Donald Trump’s election will likely result in a proposal to eliminate estate tax as part of an overall tax reform package. However, the passage of such a bill and the compromises needed to make such a change will likely evolve over time – although the president-elect has already suggested (as one possibility) a capital gains tax for heirs of larger estates.

It should be noted that most U.S. citizen’s estates do not pay federal estate tax – only around 5,000 paid such tax in year 2is-estate-tax-repeal-on-the-horizon
015 although it did result in $7.4 billion of tax revenue – mostly by the larger estates. Texas has no state or inheritance tax – which is contrary to many states. If the estate tax stays in place, it is projected that $269 billion would be collected over the next 10 years. So, as far as estate taxes (of course, there are many other reasons for estate planning other than simply eliminating or reducing taxes), a Texan who is single would not be subject to estate tax (unless they have made excessive gifts during their lifetime) if their estate is under $5,450,000.00 if the person died in year 2016 and that limit is rising to $5,490,000.00 as of January 1, 2017. Furthermore, if married, the surviving spouse can use the decedent’s unused exemption thus resulting in a couple being able to transfer $10.98 million without estate or gift taxation as of January 1, 2017. For estates over that limit, the federal estate tax rate is 40%.

To reduce the loss of tax revenue and to increase chances of passage, Trump’s compromise (according to his campaign website) is as follows: “The Trump Plan will repeal the death tax, but capital gains held until death and valued over $10 million will be subject to tax to exempt small businesses and family farms.
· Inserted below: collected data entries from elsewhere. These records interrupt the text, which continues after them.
lemma lattice_width_le_slab:
  assumes "lattice_point u" "u \<noteq> 0" "P \<noteq> {}" "bounded P"
    and slab: "\<And>x. x \<in> P \<Longrightarrow> m \<le> u \<bullet> x \<and> u \<bullet> x \<le> m + w"
  shows "lattice_width P \<le> w"
proof -
  define spread where "spread v = (SUP x \<in> P. SUP y \<in> P. \<bar>v \<bullet> x - v \<bullet> y\<bar>)" for v :: "real^2"
  obtain B where B: "\<And>x. x \<in> P \<Longrightarrow> norm x \<le> B"
    using \<open>bounded P\<close> bounded_iff by metis
  have bound: "\<bar>v \<bullet> x - v \<bullet> y\<bar> \<le> 2 * norm v * B" if "x \<in> P" "y \<in> P" for v x y
  proof -
    have "\<bar>v \<bullet> x - v \<bullet> y\<bar> \<le> \<bar>v \<bullet> x\<bar> + \<bar>v \<bullet> y\<bar>"
      by (rule abs_triangle_ineq4)
    also have "\<dots> \<le> norm v * norm x + norm v * norm y"
      by (intro add_mono Cauchy_Schwarz_ineq2)
    also have "\<dots> \<le> norm v * B + norm v * B"
      using B that by (intro add_mono mult_left_mono) auto
    finally show ?thesis by (simp add: algebra_simps)
  qed
  have inner_bdd: "bdd_above ((\<lambda>y. \<bar>v \<bullet> x - v \<bullet> y\<bar>) ` P)" if "x \<in> P" for v x
    unfolding bdd_above_def using bound[OF that] by blast
  have outer_bdd: "bdd_above ((\<lambda>x. SUP y \<in> P. \<bar>v \<bullet> x - v \<bullet> y\<bar>) ` P)" for v
    using bound by (intro bdd_aboveI2 cSUP_least \<open>P \<noteq> {}\<close>) auto
  have "0 \<le> spread v" for v
  proof -
    obtain x where x: "x \<in> P"
      using \<open>P \<noteq> {}\<close> by blast
    have "0 \<le> \<bar>v \<bullet> x - v \<bullet> x\<bar>" by simp
    also have "\<dots> \<le> (SUP y \<in> P. \<bar>v \<bullet> x - v \<bullet> y\<bar>)"
      by (rule cSUP_upper[OF x inner_bdd[OF x]])
    also have "\<dots> \<le> spread v"
      unfolding spread_def by (rule cSUP_upper[OF x outer_bdd])
    finally show ?thesis .
  qed
  then have "lattice_width P \<le> spread u"
    unfolding lattice_width_def spread_def[symmetric] using assms(1,2)
    by (intro cINF_lower bdd_belowI) auto
  also have "spread u \<le> w"
    unfolding spread_def
  proof (intro cSUP_least \<open>P \<noteq> {}\<close>)
    fix x y assume "x \<in> P" "y \<in> P"
    then show "\<bar>u \<bullet> x - u \<bullet> y\<bar> \<le> w"
      using slab[of x] slab[of y] unfolding abs_le_iff by linarith
  qed
  finally show ?thesis .
qed

lemma Z_unimodular_copy_Delta2_vertices:
  assumes "Z_unimodular_copy Delta2 S"
  obtains a b c where "lattice_point a" "lattice_point b" "lattice_point c"
    "a \<in> S" "b \<in> S" "c \<in> S" "\<bar>det2 (b - a) (c - a)\<bar> = 1"
proof -
  obtain M :: "real^2^2" and t where M: "\<forall>i j. M$i$j \<in> \<int>" "\<bar>det M\<bar> = 1" "lattice_point t"
    and S: "S = (\<lambda>x. M *v x + t) ` Delta2"
    using assms unfolding Z_unimodular_copy_def by blast
  define T where "T x = M *v x + t" for x
  have "T 0 \<in> S" "T (axis 1 1) \<in> S" "T (axis 2 1) \<in> S"
    unfolding S T_def Delta2_def by (intro imageI hull_inc; simp)+
  moreover have "T (axis 1 1) $ i = M$i$1 + t$i" "T (axis 2 1) $ i = M$i$2 + t$i" for i
    by (simp_all add: T_def matrix_vector_mult_def sum_2 axis_def)
  then have "lattice_point (T 0)" "lattice_point (T (axis 1 1))" "lattice_point (T (axis 2 1))"
    "det2 (T (axis 1 1) - T 0) (T (axis 2 1) - T 0) = det M"
    using M by (simp_all add: T_def lattice_point_def det2_def det_2)
  ultimately show ?thesis
    using that M(2) by metis
qed

lemma unimodular_triangle_in_larger_body:
  assumes "maximal_Z_Delta2_free P" "convex_body K" "P \<subseteq> K" "K \<noteq> P"
  obtains a b c where "lattice_point a" "lattice_point b" "lattice_point c"
    "a \<in> interior K" "b \<in> interior K" "c \<in> interior K" "\<bar>det2 (b - a) (c - a)\<bar> = 1"
proof -
  have "\<not> Z_Delta2_free K"
    using assms unfolding maximal_Z_Delta2_free_def by blast
  moreover have "convex K" "rel_interior K = interior K"
    using assms(2) rel_interior_nonempty_interior unfolding convex_body_def by auto
  ultimately obtain S where "Z_unimodular_copy Delta2 S" "S \<subseteq> interior K"
    unfolding Z_Delta2_free_def by auto
  then show ?thesis
    using that Z_unimodular_copy_Delta2_vertices by (metis subsetD)
qed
To prevent abuse, contributions of appreciated assets into a private charity established by the decedent or the decedent’s relatives will be disallowed.” Wealthy citizens would certainly prefer this since the top capital gains tax rate is 20% whereas the present estate tax rate is 40%. It should be noted that many prefer to either hold highly appreciated assets (since there is no tax on the appreciation if held until death) or to give to charity due to the tax benefits of giving to a charity. Both Trump and Clinton have their own charitable foundations. To prevent abuse of tax avoidance, the Trump Plan would prevent contributions of appreciated assets into similar private charities established by the decedent. This might result in less charitable giving. Also, many states that have state estate or inheritance taxes that are based on a federal estate tax return. So, the impact on those states would have to be resolved as well.
Although the estate tax affects very few, this is a hot button issue for many Americans who find it deplorable to be taxed through life and to then be taxed upon death as well.